Mike Jelen
Mike Jelen

Terraforming Snowflake


Terraform is an open-source Infrastructure as Code (IaC) tool created by HashiCorp and is a declarative Infrastructure as Code tool, wherein you can declare what you want using a YAML like syntax. Terraform is also stateful, meaning it keeps track of your current state, and compares it with your desired state. Using Terraform is a great way to manage account level Snowflake resources like Warehouses, Databases, Schemas, Tables, and Roles/Grants, among many other use cases.

Example Terraform use-cases:
– Set up storage in your cloud provider and add it to Snowflake as an external stage
– Add storage and connect it to Snowpipe
– Create users and assign roles to users

Many Snowflake customers use Terraform to comply with security controls, maintain consistency, and support similar engineering workflows for infrastructure at scale.

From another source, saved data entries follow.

(* Let $\mathbb{A}$ be a set of symbols and let $A=a_1a_2\dots a_m$ be a rainbow sequence with $a_i\in\mathbb{A}$ for all $i=1,\dots,m$. Let $r\ge 0$ and $1\le n_1<n_2<\dots<n_r<m$ be integers, and let $B^0,B^1,\dots,B^{r+1}$ be single symbols (not necessarily distinct from each other) with $B^i\notin\mathbb{A}$ for all $i$. Then the sequence $$S=B^0\,A_{1,n_1}\,B^1\,A_{n_1+1,n_2}\,\dots\,B^r\,A_{n_r+1,m}\,B^{r+1}$$ is nonrepetitive.
   Context: A finite sequence $R=r_1r_2\dots r_{2n}$ ($n\ge1$) is a repetition if $r_i=r_{n+i}$ for all $i=1,\dots,n$. A sequence is repetitive if some block of consecutive terms of it is a repetition, and nonrepetitive otherwise. A sequence of length $k$ consisting of $k$ pairwise different symbols is called rainbow. For a sequence $A=a_1\dots a_m$ and $1\le k\le l\le m$, $A_{k,l}$ denotes the block $a_ka_{k+1}\dots a_l$. *)

theory Defs
  imports Main
begin

text \<open>Sequences are lists; positions are 1-indexed as in the paper.\<close>

definition block :: "'a list \<Rightarrow> nat \<Rightarrow> nat \<Rightarrow> 'a list" where
  "block A k l = take (l + 1 - k) (drop (k - 1) A)"

definition repetition :: "'a list \<Rightarrow> bool" where
  "repetition R \<longleftrightarrow> (\<exists>h\<ge>1. length R = 2 * h \<and> (\<forall>i\<in>{1..h}. R ! (i - 1) = R ! (h + i - 1)))"

definition repetitive :: "'a list \<Rightarrow> bool" where
  "repetitive S \<longleftrightarrow> (\<exists>k l. 1 \<le> k \<and> k \<le> l \<and> l \<le> length S \<and> repetition (block S k l))"

definition nonrepetitive :: "'a list \<Rightarrow> bool" where
  "nonrepetitive S \<longleftrightarrow> \<not> repetitive S"

definition rainbow :: "'a list \<Rightarrow> bool" where
  "rainbow A \<longleftrightarrow> distinct A"

text \<open>The sequence B^0 A_{1,n_1} B^1 A_{n_1+1,n_2} ... B^r A_{n_r+1,m} B^{r+1}.\<close>
definition insert_seq :: "'a list \<Rightarrow> nat \<Rightarrow> (nat \<Rightarrow> nat) \<Rightarrow> (nat \<Rightarrow> 'a) \<Rightarrow> 'a list" where
  "insert_seq A r n B =
     concat (map (\<lambda>j. B j # block A ((if j = 0 then 0 else n j) + 1)
                                   (if j = r then length A else n (Suc j))) [0..<Suc r])
     @ [B (Suc r)]"

end

theory Submission
  imports Defs
begin

text \<open>The symbols of the alphabet occur in \<open>S\<close> exactly once each, since they spell out the
  rainbow sequence \<open>A\<close>, and no two adjacent symbols of \<open>S\<close> lie outside the alphabet, since every
  block of \<open>A\<close> between two inserted symbols is nonempty. In a repetition \<open>xx\<close> the first symbols
  of the two halves coincide, and so do their second symbols (or, if \<open>|x| = 1\<close>, the two symbols
  are adjacent and equal). A symbol occurring twice is outside the alphabet, so \<open>S\<close> would contain
  two adjacent symbols outside the alphabet.\<close>

lemma repetitiveE:
  assumes "repetitive S"
  obtains p h where "h \<ge> 1" "p + 2 * h \<le> length S" "\<And>i. i < h \<Longrightarrow> S ! (p + i) = S ! (p + h + i)"
proof -
  obtain k l where kl: "1 \<le> k" "k \<le> l" "l \<le> length S" and rep: "repetition (block S k l)"
    using assms unfolding repetitive_def by blast
  obtain h where h: "h \<ge> 1" "length (block S k l) = 2 * h"
    and eq: "\<And>i. i \<in> {1..h} \<Longrightarrow> block S k l ! (i - 1) = block S k l ! (h + i - 1)"
    using rep unfolding repetition_def by blast
  have len: "k - 1 + 2 * h \<le> length S"
    using h(2) kl by (simp add: block_def)
  have nth: "block S k l ! j = S ! (k - 1 + j)" if "j < 2 * h" for j
    using that h(2) by (simp add: block_def)
  have "S ! (k - 1 + i) = S ! (k - 1 + h + i)" if "i < h" for i
    using eq[of "Suc i"] nth[of i] nth[of "h + i"] that by (simp add: add.assoc)
  with h(1) len show thesis by (rule that)
qed

lemma nth_eq_not_in_distinct_filter:
  assumes "distinct (filter P S)" "p < q" "q < length S" "S ! p = S ! q"
  shows "\<not> P (S ! p)"
proof
  assume P: "P (S ! p)"
  have "S ! p \<in> set (filter P (take q S))"
    using assms P by (auto simp: in_set_conv_nth intro!: exI[of _ p])
  moreover have "S ! q \<in> set (filter P (drop q S))"
    using assms P by (auto simp: in_set_conv_nth intro!: exI[of _ 0])
  moreover have "distinct (filter P (take q S) @ filter P (drop q S))"
    using assms(1) by (metis append_take_drop_id filter_append)
  ultimately show False
    using assms(4) by auto
qed

lemma nonrepetitive_if_distinct_filter:
  assumes distinct: "distinct (filter P S)"
    and adjacent: "successively (\<lambda>x y. P x \<or> P y) S"
  shows "nonrepetitive S"
  unfolding nonrepetitive_def
proof
  assume "repetitive S"
  then obtain p h where h: "h \<ge> 1" "p + 2 * h \<le> length S"
    and square: "\<And>i. i < h \<Longrightarrow> S ! (p + i) = S ! (p + h + i)"
    by (elim repetitiveE) blast
  have first: "\<not> P (S ! p)"
    using nth_eq_not_in_distinct_filter[OF distinct, of p "p + h"] square[of 0] h by simp
  have "\<not> P (S ! Suc p)"
  proof (cases "h = 1")
    case True
    then show ?thesis
      using first square[of 0] by simp
  next
    case False
    then show ?thesis
      using nth_eq_not_in_distinct_filter[OF distinct, of "p + 1" "p + h + 1"] square[of 1] h
      by simp
  qed
  with first show False
    using successively_nth[OF adjacent, of p] h by simp
qed

lemma successively_interleaved:
  assumes "\<forall>j\<in>set js. c j \<noteq> [] \<and> (\<forall>x\<in>set (c j). P x)"
  shows "successively (\<lambda>x y. P x \<or> P y) (concat (map (\<lambda>j. b j # c j) js) @ [z])"
  using assms
proof (induction js)
  case (Cons j js)
  have "successively (\<lambda>x y. P x \<or> P y) (c j)"
    using Cons.prems by (auto simp: successively_conv_nth)
  with Cons show ?case
    by (auto simp: successively_Cons successively_append_iff hd_append)
qed simp

lemma filter_interleaved:
  assumes "\<forall>j\<in>set js. \<not> P (b j) \<and> (\<forall>x\<in>set (c j). P x)" "\<not> P z"
  shows "filter P (concat (map (\<lambda>j. b j # c j) js) @ [z]) = concat (map c js)"
  using assms by (induction js) auto

definition slice :: "'a list \<Rightarrow> nat \<Rightarrow> nat \<Rightarrow> 'a list" where
  "slice xs i j = take (j - i) (drop i xs)"

lemma slice_append:
  assumes "i \<le> j" "j \<le> k"
  shows "slice xs i j @ slice xs j k = slice xs i k"
proof -
  have "k - i = (j - i) + (k - j)" "drop j xs = drop (j - i) (drop i xs)"
    using assms by simp_all
  then show ?thesis
    unfolding slice_def by (simp only: take_add)
qed

lemma concat_slices:
  assumes "mono f"
  shows "concat (map (\<lambda>j. slice xs (f j) (f (Suc j))) [0..<k]) = slice xs (f 0) (f k)"
proof (induction k)
  case (Suc k)
  have "f 0 \<le> f k" "f k \<le> f (Suc k)"
    using assms by (simp_all add: monoD)
  with Suc.IH show ?case
    by (simp add: slice_append)
qed (simp add: slice_def)

lemma length_slice: "length (slice xs i j) = min (j - i) (length xs - i)"
  by (simp add: slice_def)

lemma insert_seq_eq_interleaved:
  assumes "length A \<ge> 1"
    and "r \<ge> 1 \<Longrightarrow> 1 \<le> n 1"
    and "\<And>i. 1 \<le> i \<Longrightarrow> i < r \<Longrightarrow> n i < n (Suc i)"
    and "r \<ge> 1 \<Longrightarrow> n r < length A"
  obtains C where "insert_seq A r n B = concat (map (\<lambda>j. B j # C j) [0..<Suc r]) @ [B (Suc r)]"
    and "concat (map C [0..<Suc r]) = A"
    and "\<And>j. j \<le> r \<Longrightarrow> C j \<noteq> []"
proof
  define f where "f j = (if j = 0 then 0 else if j \<le> r then n j else length A)" for j
  define C where "C j = slice A (f j) (f (Suc j))" for j
  have f_less: "f j < f (Suc j)" if "j \<le> r" for j
    using that assms by (cases "j = 0"; cases "j = r") (auto simp: f_def)
  have "f j \<le> f (Suc j)" for j
    using f_less[of j] by (cases "j \<le> r") (auto simp: f_def)
  then have f_mono: "mono f"
    by (simp add: mono_iff_le_Suc)
  have f_le: "f j \<le> length A" for j
    using monoD[OF f_mono, of j "Suc r"] monoD[OF f_mono, of "Suc r" j] by (auto simp: f_def)
  show "insert_seq A r n B = concat (map (\<lambda>j. B j # C j) [0..<Suc r]) @ [B (Suc r)]"
    unfolding insert_seq_def
    by (intro arg_cong2[where f = "(@)"] arg_cong[where f = concat] map_cong)
      (auto simp: block_def C_def slice_def f_def)
  show "concat (map C [0..<Suc r]) = A"
    unfolding C_def concat_slices[OF f_mono] by (simp add: f_def slice_def)
  show "C j \<noteq> []" if "j \<le> r" for j
    using f_less[OF that] f_le[of "Suc j"] by (simp add: C_def length_slice flip: length_0_conv)
qed

theorem corollary2:
  fixes Alph :: "'a set" and A :: "'a list" and r :: nat
    and n :: "nat \<Rightarrow> nat" and B :: "nat \<Rightarrow> 'a"
  assumes "rainbow A"
    and "set A \<subseteq> Alph"
    and "length A \<ge> 1"
    and "r \<ge> 1 \<Longrightarrow> 1 \<le> n 1"
    and "\<And>i. 1 \<le> i \<Longrightarrow> i < r \<Longrightarrow> n i < n (Suc i)"
    and "r \<ge> 1 \<Longrightarrow> n r < length A"
    and "\<And>i. i \<le> Suc r \<Longrightarrow> B i \<notin> Alph"
  shows "nonrepetitive (insert_seq A r n B)"
proof -
  obtain C where S: "insert_seq A r n B = concat (map (\<lambda>j. B j # C j) [0..<Suc r]) @ [B (Suc r)]"
    and concat_C: "concat (map C [0..<Suc r]) = A" and C_nonempty: "\<And>j. j \<le> r \<Longrightarrow> C j \<noteq> []"
    using insert_seq_eq_interleaved[OF assms(3-6)] by blast
  have C_in_Alph: "set (C j) \<subseteq> Alph" if "j \<le> r" for j
    using that assms(2) unfolding concat_C[symmetric] by (force simp del: upt_Suc)
  have "filter (\<lambda>x. x \<in> Alph) (insert_seq A r n B) = A"
    unfolding S using assms(7) C_in_Alph concat_C
    by (subst filter_interleaved) (force simp del: upt_Suc simp: less_Suc_eq_le)+
  then have "distinct (filter (\<lambda>x. x \<in> Alph) (insert_seq A r n B))"
    using assms(1) by (simp add: rainbow_def)
  moreover have "successively (\<lambda>x y. x \<in> Alph \<or> y \<in> Alph) (insert_seq A r n B)"
    unfolding S using C_nonempty C_in_Alph
    by (intro successively_interleaved) (force simp del: upt_Suc simp: less_Suc_eq_le)+
  ultimately show ?thesis
    by (rule nonrepetitive_if_distinct_filter)
qed

end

Watch the video here as we demonstrate how you can use Terraform to manage your Snowflake configurations and show you how to install and use Terraform to create and manage your Snowflake environment, including how to create a database, schema, warehouse, multiple roles, and a service user.

Transcript from the Meetup event:

Hello, everyone. Welcome to another awesome Carolina Snowflake meetup group events. Tonight we will be going over Terraforming Snowflake. Very exciting. I’ll just go over our meet up rules real quick. 

We just ask that everyone is respectful of one another and tries to stay on you and use the chat to ask questions and try to keep those questions on the topic. Video on is optional, and we always hope that you will recommend us to someone and invite a friend and ping us on Twitter at DataLakeHouse.io. 

Our previous meet ups are added on to our YouTube channel, and you can find that YouTube channel in the discussion board on our Meetup group. Today, we’re going to start with some introductions, a quick Snowflake refresher and then an introduction to Terraform. 

We’ll go over a couple of use cases and then we will jump into Terraforming Snowflake and that will go over the Terraform plan and the demo itself. And then we’re going to talk about our Snowflake health checks and what we’ve got coming up next. 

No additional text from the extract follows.